Forest plot of MAP model for control event rate

Effective sample size and information fraction gain

The ESS tells us how many patients the MAP prior is worth. It adds precision to the control arm only, so we fold it into the treatment-effect information $\mathcal{I}(\delta)$ defined above as $\text{ESS}$ extra control patients. The information fraction at the IA then uses the same $\mathcal{I}(\delta)/\mathcal{I}(\delta)_{\text{final}}$ ratio, now with $n_C \to n_{C,\text{IA}} + \text{ESS}$ :

ess_map <- round(ess(map_rate, sigma = sigma_ctrl))

## Effect information I(delta) at IA without borrowing
info_ia_no_borrow <- 1 / (1 / (n_treat_ia * Ip_treat) +
                          1 / (n_ctrl_ia * Ip_ctrl))
info_frac_no_borrow <- info_ia_no_borrow / info_final

## Effect information I(delta) at IA with MAP prior:
## ESS adds patient-equivalents to the CONTROL arm only.
info_ia_with_map <- 1 / (1 / (n_treat_ia * Ip_treat) +
                         1 / ((n_ctrl_ia + ess_map) * Ip_ctrl))
info_frac_with_map <- info_ia_with_map / info_final

Quantity	Value
MAP prior ESS	163 patients
Info fraction at IA (no borrowing)	30.2%
Info fraction at IA (with MAP prior)	45.2%
Info fraction gained	+15.0 pp

The MAP prior substantially increases the effective information fraction at the IA, which we would expect to make futility decisions more reliable.

Power with futility IA and MAP prior

## Same PoS futility rule as before (ia_rule_pos): continue if
## PoS > threshold. The interim projection now uses the MAP-informed
## control posterior (post2_ia_info) via prior2_ia = map_rate below;
## the continuation rule itself is unchanged. The pos2S boundary uses
## the uninformative posteriors, consistent with an uninformative
## final analysis.

## OC function with futility IA and MAP prior
## prior1/prior2 are uninformative (used for the final analysis boundary).
## prior1_ia is the uninformative treatment prior and prior2_ia is
## the MAP prior; both are used only for the interim decision.
oc_ia_map <- oc2S_interim(
  prior1 = uninf_treat, prior2 = uninf_ctrl,
  n1 = n_treat, n2 = n_ctrl,
  n1_ia = n_treat_ia, n2_ia = n_ctrl_ia,
  decision = success_crit,
  ia_rule = ia_rule_pos,
  prior1_ia = uninf_treat, prior2_ia = map_rate,
  family = nb_family,
  offset1 = log_exposure, offset2 = log_exposure,
  Ngrid_ia = 31L
)

## Evaluate at two scenarios: no benefit (rate ratio = 1) and the
## design alternative. The pos2S-based rule is expensive, so we keep
## the grid small.
scenarios   <- c(`No benefit` = 0, `Design alt` = log_rr_design)
theta1_eval <- log_mu_ctrl + scenarios
theta2_eval <- rep(log_mu_ctrl, length(scenarios))

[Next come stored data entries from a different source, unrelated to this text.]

lemma funpow_sum_in_nested_sets:
  assumes nested: "\<And>k. W (Suc k) \<subseteq> W k \<inter> (S ^^ b k) -` W k"
  shows "x \<in> W K \<Longrightarrow> P \<subseteq> {..<K} \<Longrightarrow> (S ^^ (\<Sum>j\<in>P. b j)) x \<in> W 0"
proof (induction K arbitrary: x P)
  case (Suc K)
  have x: "x \<in> W K" "(S ^^ b K) x \<in> W K" using Suc.prems(1) nested[of K] by auto
  show ?case
  proof (cases "K \<in> P")
    case True
    have "finite P" using Suc.prems(2) finite_subset by blast
    then have "(\<Sum>j\<in>P. b j) = (\<Sum>j\<in>P - {K}. b j) + b K" using True by (simp add: sum.remove)
    then have "(S ^^ (\<Sum>j\<in>P. b j)) x = (S ^^ (\<Sum>j\<in>P - {K}. b j)) ((S ^^ b K) x)"
      by (simp add: funpow_add)
    moreover have "P - {K} \<subseteq> {..<K}" using Suc.prems(2) by auto
    ultimately show ?thesis using Suc.IH x(2) by auto
  next
    case False
    then have "P \<subseteq> {..<K}" using Suc.prems(2) by (auto simp: less_Suc_eq)
    then show ?thesis using Suc.IH x(1) by blast
  qed
qed simp

lemma nested_sets_diff_sums_return:
  assumes nested: "\<And>k. W (Suc k) \<subseteq> W k \<inter> (S ^^ b k) -` W k" and ne: "\<And>k. W k \<noteq> {}"
    and PQ: "finite P" "finite Q" "(\<Sum>j\<in>P. b j) = n + (\<Sum>j\<in>Q. b j)"
  shows "\<exists>y\<in>W 0. (S ^^ n) y \<in> W 0"
proof -
  obtain K where K: "P \<union> Q \<subseteq> {..<K}" using PQ(1,2) finite_nat_iff_bounded by blast
  obtain x where x: "x \<in> W K" using ne[of K] by blast
  have "(S ^^ (\<Sum>j\<in>Q. b j)) x \<in> W 0" "(S ^^ (\<Sum>j\<in>P. b j)) x \<in> W 0"
    using funpow_sum_in_nested_sets[OF nested x] K by auto
  moreover have "(S ^^ (\<Sum>j\<in>P. b j)) x = (S ^^ n) ((S ^^ (\<Sum>j\<in>Q. b j)) x)"
    using PQ(3) by (simp add: funpow_add)
  ultimately show ?thesis by auto
qed

lemma mild_mixing_nested_return_sets:
  fixes C :: "int set" and M\<^sub>0 :: int
  assumes cont: "continuous_map Y Y S" and mm: "mild_mixing Y S"
    and W: "openin Y W" "W \<noteq> {}"
    and tails: "\<And>M. SIP_set {n. n \<ge> 1 \<and> int n \<in> SIP (C \<inter> {M<..})}"
  obtains V :: "nat \<Rightarrow> 'a set" and M :: "nat \<Rightarrow> int" and b :: "nat \<Rightarrow> nat"
  where "V 0 = W" "\<And>k. V k \<noteq> {}" "\<And>k. V (Suc k) \<subseteq> V k \<inter> (S ^^ b k) -` V k"
    "M 0 = M\<^sub>0" "mono M" "\<And>k. 1 \<le> b k" "\<And>k. int (b k) \<in> SIP (C \<inter> {M k<..M (Suc k)})"
proof -
  \<comment> \<open>States are triples (W_k, M_k, b_(k-1)); b_k is read off the state at k + 1.\<close>
  define admissible where "admissible k x \<longleftrightarrow>
    openin Y (fst x) \<and> fst x \<noteq> {} \<and> (k = 0 \<longrightarrow> x = (W, M\<^sub>0, 0))"
    for k :: nat and x :: "'a set \<times> int \<times> nat"
  define extends where "extends x y \<longleftrightarrow>
    1 \<le> snd (snd y) \<and> int (snd (snd y)) \<in> SIP (C \<inter> {fst (snd x)<..fst (snd y)}) \<and>
    fst (snd x) \<le> fst (snd y) \<and> fst y = fst x \<inter> {z \<in> topspace Y. (S ^^ snd (snd y)) z \<in> fst x}"
    for x y :: "'a set \<times> int \<times> nat"
  have "\<exists>f. \<forall>k. admissible k (f k) \<and> extends (f k) (f (Suc k))"
  proof (rule dependent_nat_choice)
    show "\<exists>x. admissible 0 x" using W by (auto simp: admissible_def)
  next
    fix x k assume "admissible k x"
    then have V: "openin Y (fst x)" "fst x \<noteq> {}" by (auto simp: admissible_def)
    obtain c M' where c: "1 \<le> c" "int c \<in> SIP (C \<inter> {fst (snd x)<..M'})" "fst (snd x) \<le> M'"
      "c \<in> return_times S (fst x) (fst x)"
      by (rule mild_mixing_SIP_block_return[OF mm V tails])
    define V' where "V' = fst x \<inter> {z \<in> topspace Y. (S ^^ c) z \<in> fst x}"
    have "openin Y V'" "V' \<noteq> {}"
      unfolding V'_def using openin_return_set[OF cont V(1) V(1)]
        return_set_nonempty[OF openin_subset[OF V(1)] c(4)] by auto
    then show "\<exists>y. admissible (Suc k) y \<and> extends x y"
      using c by (intro exI[of _ "(V', M', c)"]) (simp add: admissible_def extends_def V'_def)
  qed
  then obtain f where f: "\<And>k. admissible k (f k)" "\<And>k. extends (f k) (f (Suc k))" by blast
  define V where "V k = fst (f k)" for k
  define M where "M k = fst (snd (f k))" for k
  define b where "b k = snd (snd (f (Suc k)))" for k
  have V0: "V 0 = W" and M0: "M 0 = M\<^sub>0" and ne: "V k \<noteq> {}" for k
    using f(1)[of 0] f(1)[of k] by (simp_all add: admissible_def V_def M_def)
  have b: "1 \<le> b k" "int (b k) \<in> SIP (C \<inter> {M k<..M (Suc k)})" "M k \<le> M (Suc k)"
    "V (Suc k) \<subseteq> V k \<inter> (S ^^ b k) -` V k" for k
    using f(2)[of k] by (auto simp: extends_def V_def M_def b_def)
  have "mono M" using b(3) by (simp add: mono_iff_le_Suc)
  from V0 ne b(4) M0 this b(1,2) show ?thesis by (rule that)
qed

map_grid    <- oc_ia_map(theta1 = theta1_eval, theta2 = theta2_eval)
uninf_grid  <- oc_ia_uninf(theta1 = theta1_eval, theta2 = theta2_eval)
fixed_power <- oc_fixed(theta1_eval, theta2_eval)

Power and futility-stop probability by scenario
Scenario	Rate ratio	Power (no IA)	Power (no borrow)	Power (MAP)	Stop (no borrow)	Stop (MAP)
No benefit	1.00	0.025	0.022	0.022	0.579	0.548
Design alt	0.65	0.800	0.774	0.790	0.066	0.030

The table compares the two designs at a common PoS futility threshold of 10%. Under the design alternative the futility IA costs about 1.6 percentage points of power without borrowing (80.0% → 78.4%); with the MAP prior the loss shrinks to about 1.0 percentage points (80.0% → 79.1%), and the chance of an erroneous futility stop under the alternative falls (roughly 4.6% → 2.9%). Under no treatment benefit (rate ratio = 1), however, the picture at this shared threshold is mixed: the non-informative design actually stops more often (about 63%) than the MAP design (about 57%). This is not a contradiction — at a common PoS threshold the two rules are simply not equally aggressive, so reading the null-stopping probabilities side by side compares apples to oranges.

Calibrating the futility threshold to a fixed power loss

Comparing the two designs at a shared futility threshold mixes two effects: the different threshold behaviour of the two analyses in terms of operating charachersitics and the different information they carry. An alternative, as poroposed by Gallo, Mao & Shih (2014), fixes one (Frequentist) operating characteristic for both methods and reads off the others. A futility rule can be expressed equivalently on several one-to-one scales — a test statistic, the observed effect estimate, conditional power, or predictive power — so the choice of scale is a matter of convenience once we agree on the operating characteristics we care about. Here we calibrate each method to the same power loss of 2% under the design alternative and then compare the futility stopping probability under the null.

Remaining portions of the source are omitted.